[Data excerpts]
___
(* Let $X$ be a compact metric space and $f\colon X\to X$ continuous. If $(X,f)$ has the shadowing property, then it has $\gamma$-restricted two-sided cofinal orbital shadowing.
   Context: Shadowing: for every $\epsilon>0$ there is $\delta>0$ such that for every sequence $\langle x_i\rangle_{i\ge0}$ with $d(f(x_i),x_{i+1})<\delta$ for all $i$ there is $z\in X$ with $d(f^i(z),x_i)<\epsilon$ for all $i\ge0$. $d_H$ is the Hausdorff metric. A full trajectory is $\langle z_i\rangle_{i\in\mathbb Z}$ with $f(z_i)=z_{i+1}$. For two-sided sequences, $\omega(\langle x_i\rangle)=\bigcap_{M}\overline{\{x_n:n>M\}}$, $\alpha(\langle x_i\rangle)=\bigcap_{M}\overline{\{x_n:n<-M\}}$. A two-sided $\delta$-pseudo-orbit is $\langle x_i\rangle_{i\in\mathbb Z}$ with $d(f(x_i),x_{i+1})<\delta$ for all $i$. $\gamma$-restricted two-sided cofinal orbital shadowing: for every $\epsilon>0$ there is $\delta>0$ such that for every two-sided $\delta$-pseudo-orbit $\langle x_i\rangle$ with $d_H(\alpha(\langle x_i\rangle),\omega(\langle x_i\rangle))<\epsilon$ there is a full trajectory $\langle z_i\rangle$ such that for every $K\in\mathbb N$ there is $N\ge K$ with $d_H(\overline{\{z_{N+i}\}_{i\ge0}},\overline{\{x_{N+i}\}_{i\ge0}})<\epsilon$ and $d_H(\overline{\{z_{i-N}\}_{i\le0}},\overline{\{x_{i-N}\}_{i\le0}})<\epsilon$. *)

theory Defs
  imports "HOL-Analysis.Analysis"
begin

definition hausdorff_dist :: "'a::metric_space set \<Rightarrow> 'a set \<Rightarrow> real" where
  "hausdorff_dist A B = max (SUP a\<in>A. infdist a B) (SUP b\<in>B. infdist b A)"

definition shadowing :: "'a::metric_space set \<Rightarrow> ('a \<Rightarrow> 'a) \<Rightarrow> bool" where
  "shadowing X f \<longleftrightarrow>
     (\<forall>\<epsilon>>0. \<exists>\<delta>>0. \<forall>x::nat \<Rightarrow> 'a.
        (\<forall>i. x i \<in> X) \<and> (\<forall>i. dist (f (x i)) (x (Suc i)) < \<delta>) \<longrightarrow>
        (\<exists>z\<in>X. \<forall>i. dist ((f ^^ i) z) (x i) < \<epsilon>))"

definition two_sided_pseudo_orbit :: "'a::metric_space set \<Rightarrow> ('a \<Rightarrow> 'a) \<Rightarrow> real \<Rightarrow> (int \<Rightarrow> 'a) \<Rightarrow> bool" where
  "two_sided_pseudo_orbit X f \<delta> x \<longleftrightarrow>
     (\<forall>i. x i \<in> X) \<and> (\<forall>i. dist (f (x i)) (x (i + 1)) < \<delta>)"

definition full_trajectory :: "'a set \<Rightarrow> ('a \<Rightarrow> 'a) \<Rightarrow> (int \<Rightarrow> 'a) \<Rightarrow> bool" where
  "full_trajectory X f z \<longleftrightarrow> (\<forall>i. z i \<in> X) \<and> (\<forall>i. f (z i) = z (i + 1))"

definition omega_seq :: "(int \<Rightarrow> 'a::topological_space) \<Rightarrow> 'a set" where
  "omega_seq x = (\<Inter>M::nat. closure {x n | n. n > int M})"

definition alpha_seq :: "(int \<Rightarrow> 'a::topological_space) \<Rightarrow> 'a set" where
  "alpha_seq x = (\<Inter>M::nat. closure {x n | n. n < - int M})"

definition gamma_restricted_two_sided_cofinal_orbital_shadowing ::
  "'a::metric_space set \<Rightarrow> ('a \<Rightarrow> 'a) \<Rightarrow> bool" where
  "gamma_restricted_two_sided_cofinal_orbital_shadowing X f \<longleftrightarrow>
     (\<forall>\<epsilon>>0. \<exists>\<delta>>0. \<forall>x::int \<Rightarrow> 'a.
        two_sided_pseudo_orbit X f \<delta> x \<and>
        hausdorff_dist (alpha_seq x) (omega_seq x) < \<epsilon> \<longrightarrow>
        (\<exists>z. full_trajectory X f z \<and>
           (\<forall>K::nat. \<exists>N\<ge>K.
              hausdorff_dist (closure {z (int N + i) | i. i \<ge> 0})
                             (closure {x (int N + i) | i. i \<ge> 0}) < \<epsilon> \<and>
              hausdorff_dist (closure {z (i - int N) | i. i \<le> 0})
                             (closure {x (i - int N) | i. i \<le> 0}) < \<epsilon>)))"

end

theory Submission
  imports Defs
begin

text \<open>On a compact space shadowing already gives two-sided shadowing: shadow the one-sided
  pseudo-orbits started at times \<open>-n\<close> and take a pointwise limit of these orbit segments in
  the compact product \<open>X\<^sup>\<int>\<close>; continuity of \<open>f\<close> makes the limit a full trajectory. A full
  trajectory that is pointwise \<open>\<epsilon>/2\<close>-close to the pseudo-orbit has each forward and backward
  tail within Hausdorff distance \<open>\<epsilon>/2\<close> of the corresponding tail of the pseudo-orbit.\<close>

definition two_sided_shadowing :: "'a::metric_space set \<Rightarrow> ('a \<Rightarrow> 'a) \<Rightarrow> bool" where
  "two_sided_shadowing X f \<longleftrightarrow>
     (\<forall>\<epsilon>>0. \<exists>\<delta>>0. \<forall>x. two_sided_pseudo_orbit X f \<delta> x \<longrightarrow>
        (\<exists>z. full_trajectory X f z \<and> (\<forall>i. dist (z i) (x i) \<le> \<epsilon>)))"

lemma funpow_mem:
  assumes "f ` X \<subseteq> X" "x \<in> X"
  shows "(f ^^ n) x \<in> X"
  using assms by (induction n) auto

lemma SUP_infdist_closure_le:
  fixes A B :: "'a::metric_space set"
  assumes "A \<noteq> {}" "B \<noteq> {}" and close: "\<forall>a\<in>A. \<exists>b\<in>B. dist a b \<le> c"
  shows "(SUP a\<in>closure A. infdist a (closure B)) \<le> c"
proof (rule cSUP_least)
  show "closure A \<noteq> {}" using \<open>A \<noteq> {}\<close> by simp
next
  fix a assume "a \<in> closure A"
  have "A \<subseteq> {a. infdist a B \<le> c}"
  proof
    fix p
    assume "p \<in> A"
    then obtain b where "b \<in> B" "dist p b \<le> c"
      using close by blast
    then show "p \<in> {a. infdist a B \<le> c}"
      using infdist_le[of b B p] by simp
  qed
  moreover have "closed {a. infdist a B \<le> c}"
    by (intro closed_Collect_le continuous_intros continuous_on_infdist)
  ultimately have "closure A \<subseteq> {a. infdist a B \<le> c}"
    by (rule closure_minimal)
  moreover have "infdist a (closure B) \<le> infdist a B"
    by (rule infdist_mono[OF closure_subset \<open>B \<noteq> {}\<close>])
  ultimately show "infdist a (closure B) \<le> c"
    using \<open>a \<in> closure A\<close> by auto
qed

lemma hausdorff_dist_closure_le:
  fixes A B :: "'a::metric_space set"
  assumes "A \<noteq> {}" "B \<noteq> {}"
    and "\<forall>a\<in>A. \<exists>b\<in>B. dist a b \<le> c" "\<forall>b\<in>B. \<exists>a\<in>A. dist b a \<le> c"
  shows "hausdorff_dist (closure A) (closure B) \<le> c"
  unfolding hausdorff_dist_def
  using SUP_infdist_closure_le[OF assms(1,2,3)] SUP_infdist_closure_le[OF assms(2,1,4)]
  by (rule max.boundedI)

lemma hausdorff_dist_tails_le:
  fixes x z :: "int \<Rightarrow> 'a::metric_space"
  assumes close: "\<And>i. dist (z i) (x i) \<le> c"
  shows "hausdorff_dist (closure {z (N + i) | i. i \<ge> 0}) (closure {x (N + i) | i. i \<ge> 0}) \<le> c"
    and "hausdorff_dist (closure {z (i - N) | i. i \<le> 0}) (closure {x (i - N) | i. i \<le> 0}) \<le> c"
proof -
  have close': "\<And>i. dist (x i) (z i) \<le> c"
    using close by (simp add: dist_commute)
  show "hausdorff_dist (closure {z (N + i) | i. i \<ge> 0}) (closure {x (N + i) | i. i \<ge> 0}) \<le> c"
    and "hausdorff_dist (closure {z (i - N) | i. i \<le> 0}) (closure {x (i - N) | i. i \<le> 0}) \<le> c"
    using close close' by (intro hausdorff_dist_closure_le; blast)+
qed

lemma compact_pointwise_convergent_subseq:
  fixes t :: "nat \<Rightarrow> 'i::countable \<Rightarrow> 'a::metric_space"
  assumes "compact X" and tX: "\<And>n j. t n j \<in> X"
  obtains w r where "strict_mono r" "\<And>j. w j \<in> X" "\<And>j. (\<lambda>n. t (r n) j) \<longlonglongrightarrow> w j"
proof -
  have "compactin (product_topology (\<lambda>_. euclidean) UNIV) (PiE UNIV (\<lambda>_::'i. X))"
    using \<open>compact X\<close> by (simp add: compactin_PiE compactin_euclidean_iff)
  then have "seq_compact (PiE UNIV (\<lambda>_::'i. X))"
    by (simp add: euclidean_product_topology compactin_euclidean_iff compact_imp_seq_compact)
  moreover have "\<forall>n. t n \<in> PiE UNIV (\<lambda>_. X)"
    by (simp add: PiE_UNIV_domain tX)
  ultimately obtain w r where w: "w \<in> PiE UNIV (\<lambda>_. X)" and "strict_mono r" "(t \<circ> r) \<longlonglongrightarrow> w"
    by (rule seq_compactE)
  have "(\<lambda>n. t (r n) j) \<longlonglongrightarrow> w j" for j
  proof -
    have "isCont (\<lambda>g. g j) w"
      using continuous_on_product_coordinates[of j] continuous_on_eq_continuous_at by blast
    from isCont_tendsto_compose[OF this \<open>(t \<circ> r) \<longlonglongrightarrow> w\<close>] show ?thesis
      by (simp add: o_def)
  qed
  moreover have "w j \<in> X" for j
    using w by blast
  ultimately show thesis
    using that[OF \<open>strict_mono r\<close>] by blast
qed

lemma full_trajectory_limit_of_shifted_orbits:
  fixes x :: "int \<Rightarrow> 'a::metric_space"
  assumes "compact X" "continuous_on X f" "f ` X \<subseteq> X"
    and zX: "\<And>n. z n \<in> X"
    and close: "\<And>n i. dist ((f ^^ i) (z n)) (x (int i - int n)) \<le> \<epsilon>"
  obtains w where "full_trajectory X f w" "\<And>j. dist (w j) (x j) \<le> \<epsilon>"
proof -
  \<comment> \<open>For \<open>j < -n\<close> the value \<open>t n j = z n\<close> is junk; a fixed \<open>j\<close> meets it for finitely
    many \<open>n\<close> only.\<close>
  define t where "t n j = (f ^^ nat (j + int n)) (z n)" for n :: nat and j :: int
  have tX: "t n j \<in> X" for n j
    unfolding t_def using funpow_mem[OF \<open>f ` X \<subseteq> X\<close> zX] .
  obtain r w where "strict_mono r" and wX: "\<And>j. w j \<in> X"
    and lim: "\<And>j. (\<lambda>n. t (r n) j) \<longlonglongrightarrow> w j"
    using compact_pointwise_convergent_subseq[of X t, OF \<open>compact X\<close> tX] by metis
  have eventually_nonneg: "\<forall>\<^sub>F n in sequentially. 0 \<le> j + int (r n)" for j
    using eventually_ge_at_top[of "nat (- j)"]
  proof eventually_elim
    case (elim n)
    then show ?case
      using seq_suble[OF \<open>strict_mono r\<close>, of n] by linarith
  qed
  have "f (w j) = w (j + 1)" for j
  proof -
    have "(\<lambda>n. f (t (r n) j)) \<longlonglongrightarrow> f (w j)"
      using continuous_on_tendsto_compose[OF \<open>continuous_on X f\<close> lim wX] by (simp add: tX)
    moreover have "\<forall>\<^sub>F n in sequentially. f (t (r n) j) = t (r n) (j + 1)"
      using eventually_nonneg[of j]
    proof eventually_elim
      case (elim n)
      then have "nat (j + 1 + int (r n)) = Suc (nat (j + int (r n)))" by simp
      then show ?case
        by (simp only: t_def funpow.simps o_apply)
    qed
    ultimately have "(\<lambda>n. t (r n) (j + 1)) \<longlonglongrightarrow> f (w j)"
      by (rule Lim_transform_eventually)
    then show ?thesis
      using lim[of "j + 1"] LIMSEQ_unique by blast
  qed
  then have "full_trajectory X f w"
    unfolding full_trajectory_def using wX by auto
  moreover have "dist (w j) (x j) \<le> \<epsilon>" for j
  proof (rule tendsto_upperbound)
    show "(\<lambda>n. dist (t (r n) j) (x j)) \<longlonglongrightarrow> dist (w j) (x j)"
      by (intro tendsto_intros lim)
    show "\<forall>\<^sub>F n in sequentially. dist (t (r n) j) (x j) \<le> \<epsilon>"
      using eventually_nonneg[of j]
    proof eventually_elim
      case (elim n)
      then show ?case
        using close[where n = "r n" and i = "nat (j + int (r n))"] by (simp add: t_def)
    qed
  qed simp
  ultimately show thesis
    by (rule that)
qed

lemma shadowing_imp_two_sided_shadowing:
  assumes "compact X" "continuous_on X f" "f ` X \<subseteq> X" and "shadowing X f"
  shows "two_sided_shadowing X f"
  unfolding two_sided_shadowing_def
proof (intro allI impI)
  fix \<epsilon> :: real
  assume "\<epsilon> > 0"
  then obtain \<delta> where "\<delta> > 0" and shadow: "\<And>y. (\<forall>i. y i \<in> X) \<and> (\<forall>i. dist (f (y i)) (y (Suc i)) < \<delta>)
      \<Longrightarrow> \<exists>z\<in>X. \<forall>i. dist ((f ^^ i) z) (y i) < \<epsilon>"
    using \<open>shadowing X f\<close> unfolding shadowing_def by metis
  have "\<exists>z. full_trajectory X f z \<and> (\<forall>i. dist (z i) (x i) \<le> \<epsilon>)"
    if po: "two_sided_pseudo_orbit X f \<delta> x" for x
  proof -
    have "\<exists>z\<in>X. \<forall>i. dist ((f ^^ i) z) (x (int i - int n)) < \<epsilon>" for n
    proof (rule shadow, intro conjI allI)
      fix i :: nat
      show "x (int i - int n) \<in> X"
        using po unfolding two_sided_pseudo_orbit_def by blast
      have "int (Suc i) - int n = (int i - int n) + 1"
        by simp
      then show "dist (f (x (int i - int n))) (x (int (Suc i) - int n)) < \<delta>"
        using po unfolding two_sided_pseudo_orbit_def by presburger
    qed
    then obtain z where "\<And>n. z n \<in> X" "\<And>n i. dist ((f ^^ i) (z n)) (x (int i - int n)) \<le> \<epsilon>"
      by (metis less_imp_le)
    from full_trajectory_limit_of_shifted_orbits[OF assms(1-3) this] show ?thesis
      by blast
  qed
  then show "\<exists>\<delta>>0. \<forall>x. two_sided_pseudo_orbit X f \<delta> x \<longrightarrow>
      (\<exists>z. full_trajectory X f z \<and> (\<forall>i. dist (z i) (x i) \<le> \<epsilon>))"
    using \<open>\<delta> > 0\<close> by blast
qed

lemma two_sided_shadowing_imp_gamma_restricted_two_sided_cofinal_orbital_shadowing:
  assumes "two_sided_shadowing X f"
  shows "gamma_restricted_two_sided_cofinal_orbital_shadowing X f"
  unfolding gamma_restricted_two_sided_cofinal_orbital_shadowing_def
proof (intro allI impI)
  fix \<epsilon> :: real
  assume "\<epsilon> > 0"
  then obtain \<delta> where "\<delta> > 0" and shadow: "\<And>x. two_sided_pseudo_orbit X f \<delta> x \<Longrightarrow>
      \<exists>z. full_trajectory X f z \<and> (\<forall>i. dist (z i) (x i) \<le> \<epsilon> / 2)"
    using assms half_gt_zero unfolding two_sided_shadowing_def by blast
  have "\<exists>z. full_trajectory X f z \<and>
           (\<forall>K::nat. \<exists>N\<ge>K.
              hausdorff_dist (closure {z (int N + i) | i. i \<ge> 0})
                             (closure {x (int N + i) | i. i \<ge> 0}) < \<epsilon> \<and>
              hausdorff_dist (closure {z (i - int N) | i. i \<le> 0})
                             (closure {x (i - int N) | i. i \<le> 0}) < \<epsilon>)"
    if po: "two_sided_pseudo_orbit X f \<delta> x" for x
  proof -
    obtain z where "full_trajectory X f z" and close: "\<And>i. dist (z i) (x i) \<le> \<epsilon> / 2"
      using shadow[OF po] by blast
    note tails = hausdorff_dist_tails_le[of z x, OF close]
    have "\<epsilon> / 2 < \<epsilon>"
      using \<open>\<epsilon> > 0\<close> by simp
    then show ?thesis
      using \<open>full_trajectory X f z\<close> tails by (blast intro: order_le_less_trans order_refl)
  qed
  then show "\<exists>\<delta>>0. \<forall>x. two_sided_pseudo_orbit X f \<delta> x \<and>
        hausdorff_dist (alpha_seq x) (omega_seq x) < \<epsilon> \<longrightarrow>
        (\<exists>z. full_trajectory X f z \<and>
           (\<forall>K::nat. \<exists>N\<ge>K.
              hausdorff_dist (closure {z (int N + i) | i. i \<ge> 0})
                             (closure {x (int N + i) | i. i \<ge> 0}) < \<epsilon> \<and>
              hausdorff_dist (closure {z (i - int N) | i. i \<le> 0})
                             (closure {x (i - int N) | i. i \<le> 0}) < \<epsilon>))"
    using \<open>\<delta> > 0\<close> by blast
qed

theorem mainTheorem6:
  fixes X :: "'a::metric_space set" and f :: "'a \<Rightarrow> 'a"
  assumes "compact X" and "continuous_on X f" and "f ` X \<subseteq> X"
    and "shadowing X f"
  shows "gamma_restricted_two_sided_cofinal_orbital_shadowing X f"
  using assms
  by (intro two_sided_shadowing_imp_gamma_restricted_two_sided_cofinal_orbital_shadowing
      shadowing_imp_two_sided_shadowing)

end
___
Out of the data above, return each line where the word "auto" can be found.

  using assms by (induction n) auto
    using \<open>a \<in> closure A\<close> by auto
    unfolding full_trajectory_def using wX by auto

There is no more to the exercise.